A partir deste primeiro poema, Elmano expõe seu testamento poético sobre a morte. Em “fênix fendida” pergunta quem está por perto dos mortos, “emparedado pela vigília da cidade”. Em “pacto” é cruelmente sincero: “os mortos não-mortos não choram// vestidos de cinzas nos olhos/repartem do morto/ a carne”. Em “pós-escrito” diz que para enganar a morte só se entregando ao diabo. Em “ato contínuo” vê a morte no espelho. Em “Sanhauá” fala da morte-viva do rio. Em “verão”, mostra que “estamos mortos/ confinados em livros/ que se voltam contra nos”. Em “e o triunfo” a morte chega através do sexo. Em “do náufrago”, a morte é desalentadora, de corações outrora apaixonados, hoje reféns apenas da bebida.

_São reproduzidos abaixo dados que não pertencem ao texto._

text \<open>A strictly incoherent Kraus operator has the form K e_i = v_i e_(p i) for a permutation p
  of the basis. Grouping the operators of an SIO by p writes it as
  \<Phi>(\<rho>) = \<Sum>_p P_p (G_p \<circ> \<rho>) P_p^\<dagger> with positive semidefinite G_p whose diagonals sum to 1,
  and conversely every decomposition of each G_p into outer products v v^\<dagger> yields one Kraus
  operator per term. A 3x3 positive semidefinite matrix is a sum of three outer products, and
  even of two plus t E_ii for any prescribed i. Since the term t E_ii only contributes
  t \<rho>_ii E_(p i)(p i), it can be moved from G_p to G_q whenever p i = q i. Two permutations
  of three points either share such a value or both share one with a third permutation, so
  these moves leave at most one G_p needing three terms, giving 2 \<cdot> 6 + 1 = 13 Kraus
  operators.\<close>

definition qform :: "complex^'n^'n \<Rightarrow> complex^'n \<Rightarrow> complex" where
  "qform M x = (\<Sum>a\<in>UNIV. cnj (x $ a) * (\<Sum>b\<in>UNIV. M $ a $ b * x $ b))"

definition hermitian :: "complex^'n^'n \<Rightarrow> bool" where
  "hermitian M \<longleftrightarrow> (\<forall>a b. cnj (M $ a $ b) = M $ b $ a)"

definition psd :: "complex^'n^'n \<Rightarrow> bool" where
  "psd M \<longleftrightarrow> hermitian M \<and> (\<forall>x. 0 \<le> Re (qform M x))"

definition outer :: "complex^'n \<Rightarrow> complex^'n^'n" where
  "outer v = (\<chi> a b. v $ a * cnj (v $ b))"

definition diag_proj :: "'n \<Rightarrow> real \<Rightarrow> complex^'n^'n" where
  "diag_proj i t = (\<chi> a b. if a = i \<and> b = i then of_real t else 0)"

definition sum_two_outer :: "complex^'n^'n \<Rightarrow> bool" where
  "sum_two_outer M \<longleftrightarrow> (\<exists>v w. M = outer v + outer w)"

lemma cnj_if_zero: "cnj (if P then a else 0) = (if P then cnj a else 0)"
  by simp

lemma if_zero_mult: "(if P then c else 0) * (y::complex) = (if P then c * y else 0)"
  by simp

lemma mult_if_zero: "(y::complex) * (if P then c else 0) = (if P then y * c else 0)"
  by simp

lemma qform_eq_mult_vec: "(\<Sum>i\<in>UNIV. cnj (v $ i) * (M *v v) $ i) = qform M v"
  by (simp add: qform_def matrix_vector_mult_def)

lemma qform_add: "qform (M + N) x = qform M x + qform N x"
  by (simp add: qform_def algebra_simps sum.distrib)

lemma qform_diff: "qform (M - N) x = qform M x - qform N x"
  by (simp add: qform_def algebra_simps sum_subtractf)

lemma scaleR_mat_nth: "(r *\<^sub>R M) $ a $ b = of_real r * (M $ a $ b :: complex)"
  by (simp only: vector_scaleR_component) (simp add: scaleR_conv_of_real)

lemma qform_scaleR: "qform (r *\<^sub>R M) x = of_real r * qform M x"
  by (simp add: qform_def scaleR_mat_nth sum_distrib_left algebra_simps del: vector_scaleR_component)

lemma qform_outer:
  "qform (outer v) x = (\<Sum>a\<in>UNIV. cnj (x $ a) * v $ a) * (\<Sum>b\<in>UNIV. cnj (v $ b) * x $ b)"
  unfolding qform_def outer_def sum_distrib_left sum_distrib_right
  by (subst sum.swap) (simp add: mult.assoc mult.left_commute)

lemma qform_unit: "qform M (\<chi> c. if c = i then 1 else 0) = M $ i $ i"
  by (simp add: qform_def mult_if_zero if_zero_mult cnj_if_zero)

lemma qform_diag_proj: "qform (diag_proj i t) x = of_real t * (cnj (x $ i) * x $ i)"
proof -
  have "(\<Sum>b\<in>UNIV. (if a = i \<and> b = i then complex_of_real t else 0) * x $ b)
      = (if a = i then of_real t * x $ i else 0)" for a
    by (cases "a = i") (simp_all add: if_zero_mult)
  then show ?thesis by (simp add: qform_def diag_proj_def mult_if_zero)
qed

Há poemas para todas as mortes. Físicas, espirituais, líricas, dramáticas, trágicas, sem medo de viver poesia. Elmano tem um estilo próprio de fazer poesia. Um estilo que a gente lê com um sorriso de medo nos lábios, tal a graciosidade mórbida de alguns poemas. Os poemas de seu livro de estreia vêm todos acompanhados de epígrafes de nomes célebres da literatura e da história, sobre os temas enfocados. Há poemas curtos e longos no livro, há homenagem a Augusto dos Anjos em mais de uma oportunidade, como neste “deserção”:

 

semeio

em teus cabelos

meu medo

 

na tua boca

o escarro corrompido

de augusto

 

e no teu clã imemorial

os mares calcinados de Júpiter

 

Guimarães Rosa falou que a morte é para quem morre. Ouso discordar do mestre mineiro. A morte é também para quem vive. Basta ler os poemas de Elmano Menezes e conhecer os vários tipos de mortes que existem em nossa vida.

 

Linaldo Guedes é poeta, jornalista e editor. Com 11 livros publicados e textos em mais de trinta obras nos mais diversos gêneros, é membro-fundador da Academia Cajazeirense de Artes e Letras (Acal), mestre em Ciências da Religião e editor na Arribaçã Editora. Reside em Cajazeiras, Alto Sertão da Paraíba, e nasceu em 1968.